Activity:
Could you copy all of the records below exactly as they appear?

Information shown:
☆ ☆ ☆ ☆

lemma U_fps_odd_even_qgen:
  fixes q x s :: real
  assumes "q \<noteq> -1"
  defines "V \<equiv> U_fps q x s"
  shows "(V - fps_dilate (-1) V) * fps_dilate x (qgen_fps q)
         = fps_const x * fps_X * (V + fps_dilate (-1) V)"
proof -
  define Od where "Od = odd_prod_fps q x s"
  define E where "E = fps_dilate x (qExp_fps q)"
  define E' where "E' = fps_dilate (-x) (qExp_fps q)"
  have V: "V = Od * E"
    unfolding V_def Od_def E_def by (rule U_fps_eq_odd_prod_mult_qExp[OF assms(1)])
  have V': "fps_dilate (-1) V = - Od * E'"
    unfolding V fps_dilate_mult Od_def fps_dilate_minus_one_odd_prod E_def E'_def fps_dilate_dilate
    by simp
  have "(V - fps_dilate (-1) V) * fps_dilate x (qgen_fps q)
        = Od * (fps_dilate x (qgen_fps q) * (E + E'))"
    unfolding V' unfolding V by (simp add: algebra_simps)
  also have "\<dots> = fps_const x * fps_X * (V + fps_dilate (-1) V)"
    unfolding E_def E'_def qgen_fps_mult_qExp[OF assms(1)] V' unfolding V E_def E'_def
    by (simp add: algebra_simps)
  finally show ?thesis .
qed

lemma U_odd_div_qfact_eq_sum:
  fixes q x s :: real
  assumes "q \<noteq> -1" "x \<noteq> 0"
  shows "U (2*n+1) x s q / qfact q (2*n+2) =
    (\<Sum>k=0..n. U (2*k) x s q / qfact q (2*k+1) * x ^ (2*n+1-2*k) * qgen_fps q $ (2*n+2-2*k))"
proof -
  define V where "V = U_fps q x s"
  define T where "T = qgen_fps q"
  define t where "t k = V $ (2*k+1) * x ^ (2*n+1-2*k) * T $ (2*n+2-2*k)" for k
  have "2 * x * V $ (2*n+2) = (fps_const x * fps_X * (V + fps_dilate (-1) V)) $ (2*n+3)"
    by (simp add: mult.assoc)
  also have "\<dots> = ((V - fps_dilate (-1) V) * fps_dilate x T) $ (2*n+3)"
    using U_fps_odd_even_qgen[OF assms(1)] by (simp add: V_def T_def)
  also have "\<dots> = (\<Sum>i<2*(n+2). if even i then 0 else 2 * V $ i * (x ^ (2*n+3-i) * T $ (2*n+3-i)))"
  proof -
    have "{0..2*n+3} = {..<2*(n+2)}"
      by auto
    then show ?thesis
      unfolding fps_mult_nth by (intro sum.cong) auto
  qed
  also have "\<dots> = (\<Sum>k<n+2. 2 * V $ (2*k+1) * (x ^ (2*n+2-2*k) * T $ (2*n+2-2*k)))"
    using sum_split_even_odd[of "\<lambda>_. 0"] by simp
  also have "\<dots> = (\<Sum>k<n+1. 2 * x * t k)"
  proof -
    have "T $ 0 = 0"
      by (simp add: T_def qgen_fps_def)
    moreover have "x ^ (2*n+2-2*k) = x * x ^ (2*n+1-2*k)" if "k < n+1" for k
      using that by (simp flip: power_Suc add: Suc_diff_le)
    ultimately show ?thesis
      by (simp add: t_def mult_ac)
  qed
  finally have "V $ (2*n+2) = (\<Sum>k=0..n. t k)"
    using assms(2) by (simp add: atLeast0AtMost lessThan_Suc_atMost flip: sum_distrib_left)
  then show ?thesis
    by (simp add: V_def T_def t_def U_fps_def)
qed

lemma qgen_fps_nth_even:
  assumes "q \<noteq> -1"
  shows "qgen_fps q $ (2 * Suc m)
         = (-1) ^ m * qgenocchi q (2 * Suc m) * qpoch (-q) q (2 * m + 1) / qfact q (2 * Suc m)"
proof -
  define c where "c = (-1) ^ m * qpoch (-q) q (2 * m + 1) / qfact q (2 * Suc m)"
  have "c \<noteq> 0"
    unfolding c_def using qpoch_neg_nonzero[OF assms] qfact_nonzero[OF assms] by simp
  have "qgenocchi q (2 * Suc m) = (THE g. qgen_fps q $ (2 * Suc m) = g * c)"
    by (simp add: qgenocchi_def c_def field_simps)
  also have "\<dots> = qgen_fps q $ (2 * Suc m) / c"
    using \<open>c \<noteq> 0\<close> by (intro the_equality) auto
  finally show ?thesis
    using \<open>c \<noteq> 0\<close> by (simp add: c_def field_simps)
qed

lemma qfact_div_mult_qgen_fps_nth:
  assumes "q \<noteq> -1" "k \<le> n"
  shows "qfact q (2*n+2) / qfact q (2*k+1) * qgen_fps q $ (2*n+2-2*k)
         = qbinom q (2*n+2) (2*k) * (1 / qint q (2*k+1))
           * qpoch (-q) q (2*n-2*k+1) * (-1) ^ (n-k) * qgenocchi q (2*n-2*k+2)"
proof -
  have idx: "2*n+2-2*k = 2 * Suc (n-k)" "2*n-2*k+2 = 2 * Suc (n-k)" "2*n-2*k+1 = 2*(n-k)+1"
    using assms(2) by auto
  have "qfact q (2*k) \<noteq> 0" "qint q (2*k+1) \<noteq> 0" "qfact q (2 * Suc (n-k)) \<noteq> 0"
    using qfact_nonzero[OF assms(1)] qint_nonzero[OF assms(1)] by auto
  moreover have "qfact q (2*k+1) = qfact q (2*k) * qint q (2*k+1)"
    using qfact_Suc[of q "2*k"] by simp
  moreover have "(-1::real) ^ (n-k) * (-1) ^ (n-k) = 1"
    by (simp flip: power_mult_distrib)
  ultimately show ?thesis
    unfolding idx qgen_fps_nth_even[OF assms(1)] qbinom_def by (simp add: field_simps)
qed

lemma U_odd_at_0: "U (2 * n + 1) 0 s q = 0"
  by (induction n) (simp_all add: numeral_2_eq_2)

☆ ☆ ☆ ☆

Exercise answer:
lemma U_fps_odd_even_qgen:
  fixes q x s :: real
  assumes "q \<noteq> -1"
  defines "V \<equiv> U_fps q x s"
  shows "(V - fps_dilate (-1) V) * fps_dilate x (qgen_fps q)
         = fps_const x * fps_X * (V + fps_dilate (-1) V)"
proof -
  define Od where "Od = odd_prod_fps q x s"
  define E where "E = fps_dilate x (qExp_fps q)"
  define E' where "E' = fps_dilate (-x) (qExp_fps q)"
  have V: "V = Od * E"
    unfolding V_def Od_def E_def by (rule U_fps_eq_odd_prod_mult_qExp[OF assms(1)])
  have V': "fps_dilate (-1) V = - Od * E'"
    unfolding V fps_dilate_mult Od_def fps_dilate_minus_one_odd_prod E_def E'_def fps_dilate_dilate
    by simp
  have "(V - fps_dilate (-1) V) * fps_dilate x (qgen_fps q)
        = Od * (fps_dilate x (qgen_fps q) * (E + E'))"
    unfolding V' unfolding V by (simp add: algebra_simps)
  also have "\<dots> = fps_const x * fps_X * (V + fps_dilate (-1) V)"
    unfolding E_def E'_def qgen_fps_mult_qExp[OF assms(1)] V' unfolding V E_def E'_def
    by (simp add: algebra_simps)
  finally show ?thesis .
qed

lemma U_odd_div_qfact_eq_sum:
  fixes q x s :: real
  assumes "q \<noteq> -1" "x \<noteq> 0"
  shows "U (2*n+1) x s q / qfact q (2*n+2) =
    (\<Sum>k=0..n. U (2*k) x s q / qfact q (2*k+1) * x ^ (2*n+1-2*k) * qgen_fps q $ (2*n+2-2*k))"
proof -
  define V where "V = U_fps q x s"
  define T where "T = qgen_fps q"
  define t where "t k = V $ (2*k+1) * x ^ (2*n+1-2*k) * T $ (2*n+2-2*k)" for k
  have "2 * x * V $ (2*n+2) = (fps_const x * fps_X * (V + fps_dilate (-1) V)) $ (2*n+3)"
    by (simp add: mult.assoc)
  also have "\<dots> = ((V - fps_dilate (-1) V) * fps_dilate x T) $ (2*n+3)"
    using U_fps_odd_even_qgen[OF assms(1)] by (simp add: V_def T_def)
  also have "\<dots> = (\<Sum>i<2*(n+2). if even i then 0 else 2 * V $ i * (x ^ (2*n+3-i) * T $ (2*n+3-i)))"
  proof -
    have "{0..2*n+3} = {..<2*(n+2)}"
      by auto
    then show ?thesis
      unfolding fps_mult_nth by (intro sum.cong) auto
  qed
  also have "\<dots> = (\<Sum>k<n+2. 2 * V $ (2*k+1) * (x ^ (2*n+2-2*k) * T $ (2*n+2-2*k)))"
    using sum_split_even_odd[of "\<lambda>_. 0"] by simp
  also have "\<dots> = (\<Sum>k<n+1. 2 * x * t k)"
  proof -
    have "T $ 0 = 0"
      by (simp add: T_def qgen_fps_def)
    moreover have "x ^ (2*n+2-2*k) = x * x ^ (2*n+1-2*k)" if "k < n+1" for k
      using that by (simp flip: power_Suc add: Suc_diff_le)
    ultimately show ?thesis
      by (simp add: t_def mult_ac)
  qed
  finally have "V $ (2*n+2) = (\<Sum>k=0..n. t k)"
    using assms(2) by (simp add: atLeast0AtMost lessThan_Suc_atMost flip: sum_distrib_left)
  then show ?thesis
    by (simp add: V_def T_def t_def U_fps_def)
qed

lemma qgen_fps_nth_even:
  assumes "q \<noteq> -1"
  shows "qgen_fps q $ (2 * Suc m)
         = (-1) ^ m * qgenocchi q (2 * Suc m) * qpoch (-q) q (2 * m + 1) / qfact q (2 * Suc m)"
proof -
  define c where "c = (-1) ^ m * qpoch (-q) q (2 * m + 1) / qfact q (2 * Suc m)"
  have "c \<noteq> 0"
    unfolding c_def using qpoch_neg_nonzero[OF assms] qfact_nonzero[OF assms] by simp
  have "qgenocchi q (2 * Suc m) = (THE g. qgen_fps q $ (2 * Suc m) = g * c)"
    by (simp add: qgenocchi_def c_def field_simps)
  also have "\<dots> = qgen_fps q $ (2 * Suc m) / c"
    using \<open>c \<noteq> 0\<close> by (intro the_equality) auto
  finally show ?thesis
    using \<open>c \<noteq> 0\<close> by (simp add: c_def field_simps)
qed

lemma qfact_div_mult_qgen_fps_nth:
  assumes "q \<noteq> -1" "k \<le> n"
  shows "qfact q (2*n+2) / qfact q (2*k+1) * qgen_fps q $ (2*n+2-2*k)
         = qbinom q (2*n+2) (2*k) * (1 / qint q (2*k+1))
           * qpoch (-q) q (2*n-2*k+1) * (-1) ^ (n-k) * qgenocchi q (2*n-2*k+2)"
proof -
  have idx: "2*n+2-2*k = 2 * Suc (n-k)" "2*n-2*k+2 = 2 * Suc (n-k)" "2*n-2*k+1 = 2*(n-k)+1"
    using assms(2) by auto
  have "qfact q (2*k) \<noteq> 0" "qint q (2*k+1) \<noteq> 0" "qfact q (2 * Suc (n-k)) \<noteq> 0"
    using qfact_nonzero[OF assms(1)] qint_nonzero[OF assms(1)] by auto
  moreover have "qfact q (2*k+1) = qfact q (2*k) * qint q (2*k+1)"
    using qfact_Suc[of q "2*k"] by simp
  moreover have "(-1::real) ^ (n-k) * (-1) ^ (n-k) = 1"
    by (simp flip: power_mult_distrib)
  ultimately show ?thesis
    unfolding idx qgen_fps_nth_even[OF assms(1)] qbinom_def by (simp add: field_simps)
qed

lemma U_odd_at_0: "U (2 * n + 1) 0 s q = 0"
  by (induction n) (simp_all add: numeral_2_eq_2)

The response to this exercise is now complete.